Settled by successive waves of arrivals during the last 10,000 years, various estimates of the native population range from 100,000 to 300,000. The Indigenous peoples of California included more than 70 distinct groups of Native Americans, ranging from large, settled populations living on the coast to groups in the interior. California groups were diverse in their organization with bands, villages. Trade and military alliances fostered many social and economic relationships among the diverse groups, the first European effort to explore the coast as far north as the Russian River was a Spanish sailing expedition, led by Portuguese captain Juan Rodríguez Cabrillo, in 1542. Some 37 years English explorer Francis Drake explored and claimed a portion of the California coast in 1579. Spanish traders made unintended visits with the Manila galleons on their trips from the Philippines beginning in 1565
Nebraska /nᵻˈbræskə/ is a state that lies in both the Great Plains and the Midwestern United States. Its area is just over 77,220 sq mi with almost 1.9 million people and its largest city is Omaha, which is on the Missouri River. The state is crossed by many trails and was explored by the Lewis. Nebraska was admitted as the 37th state of the United States in 1867 and it is the only state in the United States whose legislature is unicameral and officially nonpartisan. Nebraska is composed of two major regions, the Dissected Till Plains and the Great Plains. The Dissected Till Plains is a region of rolling hills. The Great Plains occupy most of western Nebraska, characterized by treeless prairie, the state has a large agriculture sector and is a major producer of beef, pork and soybeans. Two major climatic zones are represented in Nebraska, the half of the state has a humid continental climate, and the western half. Indigenous peoples lived in the region of present-day Nebraska for thousands of years before European exploration.
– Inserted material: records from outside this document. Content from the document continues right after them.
lemma holomorphic_jtheta:
  assumes "Im tau > 0"
  shows "jtheta tau holomorphic_on A"
proof -
  have "jtheta tau holomorphic_on ball z 1" for z
  proof -
    have limit: "uniform_limit (cball z 1) (\<lambda>M w. \<Sum>m\<in>M. jtheta_term tau m w)
        (\<lambda>w. \<Sum>\<^sub>\<infinity>m. jtheta_term tau m w) (finite_subsets_at_top UNIV)"
    proof (rule Weierstrass_m_test_general[OF _ summable_on_exp_neg_quadratic[OF assms, of "\<bar>Im z\<bar> + 1"]])
      fix m w assume "w \<in> cball z 1"
      then have "\<bar>Im w\<bar> \<le> \<bar>Im z\<bar> + 1"
        using abs_Im_le_cmod[of "w - z"] by (simp add: dist_norm norm_minus_commute)
      then show "norm (jtheta_term tau m w)
          \<le> exp (- pi * Im tau * of_int m ^ 2 + 2 * pi * (\<bar>Im z\<bar> + 1) * \<bar>of_int m\<bar>)"
        by (rule norm_jtheta_term_le)
    qed
    have partial_sums: "\<forall>\<^sub>F M in finite_subsets_at_top UNIV.
        continuous_on (cball z 1) (\<lambda>w. \<Sum>m\<in>M. jtheta_term tau m w) \<and>
        (\<lambda>w. \<Sum>m\<in>M. jtheta_term tau m w) holomorphic_on ball z 1"
      by (intro always_eventually allI conjI)
         (auto simp: jtheta_term_def intro!: continuous_intros holomorphic_intros)
    obtain "(\<lambda>w. \<Sum>\<^sub>\<infinity>m. jtheta_term tau m w) holomorphic_on ball z 1"
      by (rule holomorphic_uniform_limit[OF partial_sums limit]) (simp add: finite_subsets_at_top_neq_bot)
    then show ?thesis
      by (simp add: jtheta_eq_infsum_term[abs_def])
  qed
  then have "jtheta tau field_differentiable at z" for z
    by (meson centre_in_ball holomorphic_on_imp_differentiable_at open_ball zero_less_one)
  then show ?thesis
    by (simp add: holomorphic_on_def field_differentiable_at_within)
qed

lemma exp_2pi_i_int: "exp (2 * of_real pi * \<i> * of_int m) = 1"
  using exp_2pi_1_int[of m] by (simp add: mult_ac)

definition jtheta_factor :: "complex \<Rightarrow> int \<Rightarrow> complex \<Rightarrow> complex" where
  "jtheta_factor tau n z = exp (- of_real pi * \<i> * tau * of_int n ^ 2 - 2 * of_real pi * \<i> * of_int n * z)"

lemma jtheta_term_lattice_shift:
  "jtheta_term tau k (z + of_int m + of_int n * tau) = jtheta_factor tau n z * jtheta_term tau (k + n) z"
proof -
  have "of_int (k^2) * (of_real pi * \<i> * tau) + 2 * of_real pi * \<i> * of_int k * (z + of_int m + of_int n * tau)
      = (- of_real pi * \<i> * tau * of_int n ^ 2 - 2 * of_real pi * \<i> * of_int n * z)
        + (of_int ((k + n)^2) * (of_real pi * \<i> * tau) + 2 * of_real pi * \<i> * of_int (k + n) * z)
        + 2 * of_real pi * \<i> * of_int (k * m)"
    by (simp add: algebra_simps power2_eq_square)
  then show ?thesis
    unfolding jtheta_term_def jtheta_factor_def by (simp only: exp_add exp_2pi_i_int mult_1_right)
qed

lemma jtheta_lattice_shift:
  "jtheta tau (z + of_int m + of_int n * tau) = jtheta_factor tau n z * jtheta tau z"
proof -
  have "jtheta tau (z + of_int m + of_int n * tau) = jtheta_factor tau n z * (\<Sum>\<^sub>\<infinity>k. jtheta_term tau (k + n) z)"
    by (simp add: jtheta_eq_infsum_term jtheta_term_lattice_shift infsum_cmult_right')
  also have "(\<Sum>\<^sub>\<infinity>k. jtheta_term tau (k + n) z) = (\<Sum>\<^sub>\<infinity>k. jtheta_term tau k z)"
    by (rule infsum_reindex_bij_betw[of "\<lambda>k. k + n"])
       (auto simp: bij_betw_def inj_on_def image_iff intro!: exI[of _ "_ - n"])
  finally show ?thesis
    by (simp add: jtheta_eq_infsum_term)
qed

lemma jtheta_plus_1: "jtheta tau (z + 1) = jtheta tau z"
  using jtheta_lattice_shift[of tau z 1 0] by (simp add: jtheta_factor_def)

lemma jtheta_plus_tau:
  "jtheta tau (z + tau) = exp (- of_real pi * \<i> * tau - 2 * of_real pi * \<i> * z) * jtheta tau z"
  using jtheta_lattice_shift[of tau z 0 1] by (simp add: jtheta_factor_def)
lemma lft_maxD: "lft x \<in> maxD" and rgt_maxD: "rgt x \<in> maxD"
  using interval_poset_lft_rgt[unfolded interval_poset_def, THEN conjunct1] by blast+

lemma is_inf_lft_rgt: "is_inf_in UNIV (\<le>) {lft x, rgt x} x"
  using interval_poset_lft_rgt[unfolded interval_poset_def, THEN conjunct2, THEN conjunct1] by blast

lemma meet_endpoints:
  "rgt x = lft y \<Longrightarrow> has_meet x y \<and> lft (meet x y) = lft x \<and> rgt (meet x y) = rgt y"
  using interval_poset_lft_rgt[unfolded interval_poset_def, THEN conjunct2, THEN conjunct2, THEN conjunct1]
  by blast

lemma meet_max_endpoints:
  assumes "p \<in> maxD" "x \<le> p"
  shows "lft (meet (lft x) p) = lft x \<and> rgt (meet (lft x) p) = p \<and>
    lft (meet p (rgt x)) = p \<and> rgt (meet p (rgt x)) = rgt x"
  using interval_poset_lft_rgt[unfolded interval_poset_def, THEN conjunct2, THEN conjunct2, THEN conjunct2]
    assms by blast

lemma wb_up_meet_nonempty:
  assumes "way_below_in UNIV (\<le>) x p" "p \<in> maxD"
  shows "wb_up UNIV (\<le>) (meet (lft x) p) \<noteq> {} \<and> wb_up UNIV (\<le>) (meet p (rgt x)) \<noteq> {}"
proof -
  have "p \<in> wb_up UNIV (\<le>) x \<inter> maxD" using assms unfolding wb_up_def by blast
  then show ?thesis
    using interval_domain_lft_rgt[unfolded interval_domain_def, THEN conjunct2, THEN conjunct2,
        THEN conjunct1] by blast
qed

lemma way_below_in_rfib:
  assumes "wb_up UNIV (\<le>) x \<noteq> {}" "lft y = lft x" "y \<le> x"
  shows "way_below_in (rfib rgt (rgt y)) (\<le>) y (rgt y)"
  using interval_domain_lft_rgt[unfolded interval_domain_def, THEN conjunct2, THEN conjunct2,
      THEN conjunct2, THEN conjunct1, rule_format, of x, THEN conjunct1] assms by blast

lemma way_below_in_lfib:
  assumes "wb_up UNIV (\<le>) x \<noteq> {}" "rgt y = rgt x" "y \<le> x"
  shows "way_below_in (lfib lft (lft y)) (\<le>) y (lft y)"
  using interval_domain_lft_rgt[unfolded interval_domain_def, THEN conjunct2, THEN conjunct2,
      THEN conjunct2, THEN conjunct1, rule_format, of x, THEN conjunct2] assms by blast

lemma lft_dsup_lfib:
  assumes "p \<in> maxD" "directed_in UNIV (\<le>) S" "S \<subseteq> lfib lft p"
  shows "lft (dsup S) = p"
  using interval_domain_lft_rgt[unfolded interval_domain_def, THEN conjunct2, THEN conjunct2,
      THEN conjunct2, THEN conjunct2, THEN conjunct1, rule_format, OF assms(1) conjI, OF assms(2,3)]
  by blast

lemma rgt_dsup_lfib_eq:
  assumes "p \<in> maxD" "directed_in UNIV (\<le>) S" "S \<subseteq> lfib lft p"
    and "q \<in> maxD" "directed_in UNIV (\<le>) T" "T \<subseteq> lfib lft q" "rgt ` T = rgt ` S"
  shows "rgt (dsup S) = rgt (dsup T)"
  using interval_domain_lft_rgt[unfolded interval_domain_def, THEN conjunct2, THEN conjunct2,
      THEN conjunct2, THEN conjunct2, THEN conjunct1, rule_format, OF assms(1) conjI, OF assms(2,3)]
    assms(4-7) by blast

lemma rgt_dsup_rfib:
  assumes "q \<in> maxD" "directed_in UNIV (\<le>) S" "S \<subseteq> rfib rgt q"
  shows "rgt (dsup S) = q"
  using interval_domain_lft_rgt[unfolded interval_domain_def, THEN conjunct2, THEN conjunct2,
      THEN conjunct2, THEN conjunct2, THEN conjunct2, THEN conjunct1, rule_format,
      OF assms(1) conjI, OF assms(2,3)]
  by blast

lemma lft_dsup_rfib_eq:
  assumes "q \<in> maxD" "directed_in UNIV (\<le>) S" "S \<subseteq> rfib rgt q"
    and "p \<in> maxD" "directed_in UNIV (\<le>) T" "T \<subseteq> rfib rgt p" "lft ` T = lft ` S"
  shows "lft (dsup S) = lft (dsup T)"
  using interval_domain_lft_rgt[unfolded interval_domain_def, THEN conjunct2, THEN conjunct2,
      THEN conjunct2, THEN conjunct2, THEN conjunct2, THEN conjunct1, rule_format,
      OF assms(1) conjI, OF assms(2,3)]
    assms(4-7) by blast

lemma le_lft: "x \<le> lft x" and le_rgt: "x \<le> rgt x"
  using is_inf_lft_rgt[of x] unfolding is_inf_in_def by auto

lemma le_if_le_endpoints: "z \<le> lft x \<Longrightarrow> z \<le> rgt x \<Longrightarrow> z \<le> x"
  using is_inf_lft_rgt[of x] unfolding is_inf_in_def by auto

lemma endpoints_inject: "lft x = lft y \<Longrightarrow> rgt x = rgt y \<Longrightarrow> x = y"
  using is_inf_lft_rgt[of x] is_inf_lft_rgt[of y] is_inf_in_unique[OF poset_on_UNIV] by metis

lemma endpoints_maxD: "p \<in> maxD \<Longrightarrow> lft p = p \<and> rgt p = p"
  using le_lft le_rgt unfolding maxD_def by blast

lemma meet_le: "rgt x = lft y \<Longrightarrow> meet x y \<le> x \<and> meet x y \<le> y"
  using meet_endpoints meet_is_inf unfolding is_inf_in_def by blast

lemma maxleI: "lft z = a \<Longrightarrow> rgt z = b \<Longrightarrow> a \<preceq> b"
  unfolding maxle_def by blast

lemma maxle_maxD: "a \<preceq> b \<Longrightarrow> a \<in> maxD \<and> b \<in> maxD"
  unfolding maxle_def using lft_maxD rgt_maxD by blast

lemma maxle_refl: "p \<in> maxD \<Longrightarrow> p \<preceq> p"
  using endpoints_maxD maxleI by blast

lemma maxle_trans: "a \<preceq> b \<Longrightarrow> b \<preceq> c \<Longrightarrow> a \<preceq> c"
  unfolding maxle_def using meet_endpoints by metis

lemma maxle_antisym: "a \<preceq> b \<Longrightarrow> b \<preceq> a \<Longrightarrow> a = b"
proof -
  assume "a \<preceq> b" "b \<preceq> a"
  then obtain z w where z: "lft z = a" "rgt z = b" and w: "lft w = b" "rgt w = a"
    unfolding maxle_def by metis
  have "is_inf_in UNIV (\<le>) {a, b} z" "is_inf_in UNIV (\<le>) {a, b} w"
    using is_inf_lft_rgt[of z] is_inf_lft_rgt[of w] z w by (simp_all add: insert_commute)
  then have "z = w" by (rule is_inf_in_unique[OF poset_on_UNIV])
  then show "a = b" using z w by simp
qed

lemma poset_on_maxle: "poset_on maxD (\<preceq>)"
  unfolding poset_on_def using maxle_refl maxle_trans maxle_antisym by blast

lemma maxle_if_le_maxD: "x \<le> p \<Longrightarrow> p \<in> maxD \<Longrightarrow> lft x \<preceq> p \<and> p \<preceq> rgt x"
  using meet_max_endpoints maxleI by metis

lemma maxle_lft_mono: "x \<le> y \<Longrightarrow> lft x \<preceq> lft y"
  using maxle_if_le_maxD[OF order.trans[OF _ le_lft] lft_maxD] by blast

lemma maxle_rgt_antimono: "x \<le> y \<Longrightarrow> rgt y \<preceq> rgt x"
  using maxle_if_le_maxD[OF order.trans[OF _ le_rgt] rgt_maxD] by blast

lemma lft_ival: "a \<preceq> b \<Longrightarrow> lft (ival a b) = a" and rgt_ival: "a \<preceq> b \<Longrightarrow> rgt (ival a b) = b"
  unfolding ival_def maxle_def by (metis (mono_tags, lifting) someI_ex)+

lemma ival_unique: "lft z = a \<Longrightarrow> rgt z = b \<Longrightarrow> ival a b = z"
  using lft_ival rgt_ival maxleI endpoints_inject by metis

lemma ival_mono_left:
  assumes "a \<preceq> a'" "a' \<preceq> b"
  shows "ival a b \<le> ival a' b"
proof -
  let ?m = "meet (ival a a') (ival a' b)"
  have "rgt (ival a a') = lft (ival a' b)" using assms by (simp add: lft_ival rgt_ival)
  then have "lft ?m = a" "rgt ?m = b" "?m \<le> ival a' b"
    using meet_endpoints meet_le assms by (simp_all add: lft_ival rgt_ival)
  then show ?thesis using ival_unique by metis
qed

lemma ival_antimono_right:
  assumes "a \<preceq> b'" "b' \<preceq> b"
  shows "ival a b \<le> ival a b'"
proof -
  let ?m = "meet (ival a b') (ival b' b)"
  have "rgt (ival a b') = lft (ival b' b)" using assms by (simp add: lft_ival rgt_ival)
  then have "lft ?m = a" "rgt ?m = b" "?m \<le> ival a b'"
    using meet_endpoints meet_le assms by (simp_all add: lft_ival rgt_ival)
  then show ?thesis using ival_unique by metis
qed

lemma le_ival_lft: "y \<le> p \<Longrightarrow> p \<in> maxD \<Longrightarrow> y \<le> ival (lft y) p"
  using le_if_le_endpoints le_lft maxle_if_le_maxD lft_ival rgt_ival by metis

lemma le_ival_rgt: "y \<le> p \<Longrightarrow> p \<in> maxD \<Longrightarrow> y \<le> ival p (rgt y)"
  using le_if_le_endpoints le_rgt maxle_if_le_maxD lft_ival rgt_ival by metis


lemma is_sup_dsup:
  assumes "directed_in UNIV (\<le>) (S :: 'a set)"
  shows "is_sup_in UNIV (\<le>) S (dsup S)"
proof -
  have "\<exists>s. is_sup_in UNIV (\<le>) S s"
    using continuous_dcpo_UNIV[unfolded continuous_dcpo_def, THEN conjunct2] assms by blast
  then show ?thesis using dsup_eq by metis
qed
section \<open>Unisolvence on the points \<open>\<nu>\<^sup>~\<close>\<close>

lemma common_denominator:
  fixes a :: "'x \<Rightarrow> K"
  assumes "finite A"
  obtains c P where "c \<noteq> 0" "\<forall>x\<in>A. a x * c = to_fract (P x)"
proof -
  have "\<exists>pd. a x = Fract (fst pd) (snd pd) \<and> snd pd \<noteq> 0" for x
    by (cases "a x") auto
  then obtain pd where pd': "\<And>x. a x = Fract (fst (pd x)) (snd (pd x)) \<and> snd (pd x) \<noteq> 0"
    by metis
  define p where "p x = fst (pd x)" for x
  define d where "d x = snd (pd x)" for x
  have pd: "a x = Fract (p x) (d x)" "d x \<noteq> 0" for x
    using pd'[of x] by (simp_all add: p_def d_def)
  have P: "a x * to_fract (\<Prod>y\<in>A. d y) = to_fract (p x * (\<Prod>y\<in>A - {x}. d y))" if "x \<in> A" for x
  proof -
    have "a x * to_fract (\<Prod>y\<in>A. d y) = Fract (d x * (p x * (\<Prod>y\<in>A - {x}. d y))) (d x * 1)"
      by (simp add: pd(1) to_fract_def prod.remove[OF assms that] mult.left_commute)
    then show ?thesis
      by (simp only: mult_fract_cancel[OF pd(2)] to_fract_def)
  qed
  have "to_fract (\<Prod>y\<in>A. d y) \<noteq> 0"
    using assms pd(2) by (simp add: to_fract_eq_0_iff)
  with P show ?thesis
    by (intro that[of _ "\<lambda>x. p x * (\<Prod>y\<in>A - {x}. d y)"]) auto
qed

lemma common_power_of_linear_factor:
  fixes p :: "'x \<Rightarrow> 'a::idom_divide poly"
  assumes "finite A" "A \<noteq> {}" "\<forall>x\<in>A. p x \<noteq> 0"
  obtains e r where "\<forall>x\<in>A. p x = [:-a, 1:] ^ e * r x" "\<exists>x\<in>A. poly (r x) a \<noteq> 0"
proof -
  define e where "e = Min ((\<lambda>x. order a (p x)) ` A)"
  have "e \<in> (\<lambda>x. order a (p x)) ` A"
    unfolding e_def using assms by (intro Min_in) auto
  then obtain x0 where x0: "x0 \<in> A" "order a (p x0) = e"
    by blast
  define r where "r x = p x div [:-a, 1:] ^ e" for x
  have p: "p x = [:-a, 1:] ^ e * r x" if "x \<in> A" for x
  proof -
    have "e \<le> order a (p x)"
      unfolding e_def using assms that by (intro Min_le) auto
    then show ?thesis
      by (simp add: r_def order_divides)
  qed
  have "order a (p x0) = e + order a (r x0)"
    using p[OF x0(1)] assms(3) x0(1) by (metis order_mult order_power_n_n mult_zero_right)
  then have "order a (r x0) = 0" "r x0 \<noteq> 0"
    using x0 p[OF x0(1)] assms(3) by auto
  then have "poly (r x0) a \<noteq> 0" by (simp add: order_root)
  with p x0(1) show ?thesis
    by (intro that[of e r]) auto
qed

definition q_weight :: "nat list \<Rightarrow> (nat \<Rightarrow>\<^sub>0 nat) \<Rightarrow> nat" where
  "q_weight nu m = (\<Sum>i\<in>Poly_Mapping.keys m. nu ! i * Poly_Mapping.lookup m i)"

definition t_weight :: "nat list \<Rightarrow> (nat \<Rightarrow>\<^sub>0 nat) \<Rightarrow> nat" where
  "t_weight nu m = (\<Sum>i\<in>Poly_Mapping.keys m. kk nu i * Poly_Mapping.lookup m i)"

lemma eval_monomial_tilde:
  assumes "Poly_Mapping.keys m \<subseteq> {..<length nu}"
  shows "eval_monomial m (tilde nu) = qq ^ q_weight nu m * inverse tt ^ t_weight nu m"
proof -
  have "eval_monomial m (tilde nu) = (\<Prod>i\<in>Poly_Mapping.keys m.
      qq ^ (nu ! i * Poly_Mapping.lookup m i) * inverse tt ^ (kk nu i * Poly_Mapping.lookup m i))"
    unfolding eval_monomial_def using assms
    by (intro prod.cong refl) (auto simp: nth_tilde power_mult_distrib power_mult)
  then show ?thesis
    by (simp add: prod.distrib q_weight_def t_weight_def power_sum)
qed

lemma eval_monomial_qgrid:
  assumes "Poly_Mapping.keys m \<subseteq> {..<length nu}"
  shows "eval_monomial m (qgrid nu) = qq ^ q_weight nu m"
proof -
  have "eval_monomial m (qgrid nu) = (\<Prod>i\<in>Poly_Mapping.keys m. qq ^ (nu ! i * Poly_Mapping.lookup m i))"
    unfolding eval_monomial_def using assms
    by (intro prod.cong refl) (auto simp: qgrid_def power_mult)
  then show ?thesis
    by (simp add: q_weight_def power_sum)
qed

lemma const_poly_sum: "[:\<Sum>x\<in>A. g x:] = (\<Sum>x\<in>A. [:g x:])"
proof (induction A rule: infinite_finite_induct)
  case (insert x F)
  have "[:g x + sum g F:] = [:g x:] + [:sum g F:]" by (simp add: add_pCons)
  then show ?case using insert by simp
qed auto

text \<open>Multiplying by a power of \<open>t\<close> clears the negative powers of \<open>t\<close> in \<open>\<nu>\<^sup>~\<close>; then set \<open>t = 1\<close>.\<close>
lemma specialised_sum_eq_0:
  assumes f: "f \<in> polys (length nu)"
    and c: "\<forall>m\<in>Poly_Mapping.keys f. Poly_Mapping.lookup f m * c = to_fract (R m)"
    and z: "eval f (tilde nu) = 0"
  shows "(\<Sum>m\<in>Poly_Mapping.keys f. poly (R m) 1 * [:0, 1:] ^ q_weight nu m) = 0"
proof -
  let ?K = "Poly_Mapping.keys f"
  let ?q = "[:[:0, 1:]:] :: rat poly poly" and ?t = "[:0, 1:] :: rat poly poly"
  define N where "N = (\<Sum>m\<in>?K. t_weight nu m)"
  have tt_powers: "inverse tt ^ t_weight nu m * tt ^ N = tt ^ (N - t_weight nu m)" if "m \<in> ?K" for m
  proof -
    have "t_weight nu m \<le> N" using that by (auto simp: N_def intro: member_le_sum)
    then have "tt ^ N = tt ^ t_weight nu m * tt ^ (N - t_weight nu m)"
      by (simp flip: power_add)
    then show ?thesis by (simp add: field_simps)
  qed
  have "c * eval f (tilde nu) * tt ^ N = (\<Sum>m\<in>?K. (Poly_Mapping.lookup f m * c)
      * (qq ^ q_weight nu m * (inverse tt ^ t_weight nu m * tt ^ N)))"
    using f by (simp add: eval_eq_sum sum_distrib_left sum_distrib_right eval_monomial_tilde polys_def
        mult_ac cong: sum.cong)
  also have "\<dots> = (\<Sum>m\<in>?K. to_fract (R m * ?q ^ q_weight nu m * ?t ^ (N - t_weight nu m)))"
    using c tt_powers by (simp add: to_fract_mult to_fract_power mult.assoc flip: qq_eq tt_eq)
  also have "\<dots> = to_fract (\<Sum>m\<in>?K. R m * ?q ^ q_weight nu m * ?t ^ (N - t_weight nu m))"
    by (simp add: to_fract_sum)
  finally have "(\<Sum>m\<in>?K. R m * ?q ^ q_weight nu m * ?t ^ (N - t_weight nu m)) = 0"
    using z by (simp add: to_fract_eq_0_iff)
  then have "poly (\<Sum>m\<in>?K. R m * ?q ^ q_weight nu m * ?t ^ (N - t_weight nu m)) 1 = 0"
    by simp
  then show ?thesis
    by (simp add: poly_sum)
qed

lemma eval_specialised_qgrid:
  assumes "f \<in> polys (length nu)"
  shows "eval (\<Sum>m\<in>Poly_Mapping.keys f. Poly_Mapping.single m (to_fract [:poly (R m) 1:])) (qgrid nu)
    = to_fract [:\<Sum>m\<in>Poly_Mapping.keys f. poly (R m) 1 * [:0, 1:] ^ q_weight nu m:]"
proof -
  have "to_fract [:poly (R m) 1:] * eval_monomial m (qgrid nu)
      = to_fract [:poly (R m) 1 * [:0, 1:] ^ q_weight nu m:]" if "m \<in> Poly_Mapping.keys f" for m
  proof -
    have "qq ^ q_weight nu m = to_fract [:[:0, 1:] ^ q_weight nu m:]"
      by (simp add: qq_eq poly_const_pow flip: to_fract_power)
    then show ?thesis
      using that assms by (simp add: eval_monomial_qgrid polys_def mult.commute flip: to_fract_mult)
  qed
  then show ?thesis
    by (simp add: eval_sum eval_single to_fract_sum const_poly_sum)
qed

lemma specialisation_at_t_1:
  assumes f: "f \<in> polys n" "f \<noteq> 0"
  obtains F where "F \<noteq> 0" "Poly_Mapping.keys F \<subseteq> Poly_Mapping.keys f"
    "\<And>nu. length nu = n \<Longrightarrow> eval f (tilde nu) = 0 \<Longrightarrow> eval F (qgrid nu) = 0"
proof -
  let ?K = "Poly_Mapping.keys f"
  obtain c P where c: "c \<noteq> 0" "\<forall>m\<in>?K. Poly_Mapping.lookup f m * c = to_fract (P m)"
    by (rule common_denominator[where a = "Poly_Mapping.lookup f", OF finite_keys])
  have P: "\<forall>m\<in>?K. P m \<noteq> 0"
    using c by (metis in_keys_iff mult_eq_0_iff to_fract_0)
  have K: "?K \<noteq> {}" using f(2) by simp
  obtain e R where R: "\<forall>m\<in>?K. P m = [:-1, 1:] ^ e * R m" "\<exists>m\<in>?K. poly (R m) 1 \<noteq> 0"
    by (rule common_power_of_linear_factor[where a = 1, OF finite_keys K P])
  define c' where "c' = c / to_fract ([:-1, 1:] ^ e)"
  have "to_fract ([:-1, 1:] ^ e) \<noteq> 0"
    by (simp add: to_fract_eq_0_iff)
  then have c': "\<forall>m\<in>?K. Poly_Mapping.lookup f m * c' = to_fract (R m)"
    using c(2) R(1) by (simp add: c'_def to_fract_mult)
  define F where "F = (\<Sum>m\<in>?K. Poly_Mapping.single m (to_fract [:poly (R m) 1:]))"
  have lookup_F: "Poly_Mapping.lookup F m = (if m \<in> ?K then to_fract [:poly (R m) 1:] else 0)" for m
    unfolding F_def lookup_sum by (simp add: lookup_single when_def)
  show ?thesis
  proof
    obtain m0 where "m0 \<in> ?K" "poly (R m0) 1 \<noteq> 0"
      using R(2) by blast
    then have "Poly_Mapping.lookup F m0 \<noteq> 0"
      by (simp add: lookup_F to_fract_eq_0_iff)
    then show "F \<noteq> 0" by auto
    show "Poly_Mapping.keys F \<subseteq> ?K"
      by (auto simp: in_keys_iff lookup_F split: if_splits)
    show "eval F (qgrid nu) = 0" if "length nu = n" "eval f (tilde nu) = 0" for nu
      unfolding F_def using eval_specialised_qgrid[of f nu R] specialised_sum_eq_0[of f nu c' R] f(1) c' that
      by simp
  qed
qed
The historic tribes in the state included the Omaha, Ponca, Otoe, when European exploration and settlement began, both Spain and France sought to control the region. In the 1690s, Spain established trade connections with the Apaches, by 1703, France had developed a regular trade with the native peoples along the Missouri River in Nebraska, and by 1719 had signed treaties with several of these peoples. After war broke out between the two countries, Spain dispatched an expedition to Nebraska under Lieutenant General Pedro de Villasur in 1720. The party was attacked and destroyed near present-day Columbus by a force of Pawnees and Otoes. The massacre of the Villasur expedition effectively put an end to Spanish exploration of Nebraska for the remainder of the 18th century, in 1762, during the Seven Years War, France ceded the Louisiana territory to Spain. Frances withdrawal from the area left Britain and Spain competing for dominance along the Mississippi, by 1773, that year, Mackays party built a trading post, dubbed Fort Carlos IV, near present-day Homer.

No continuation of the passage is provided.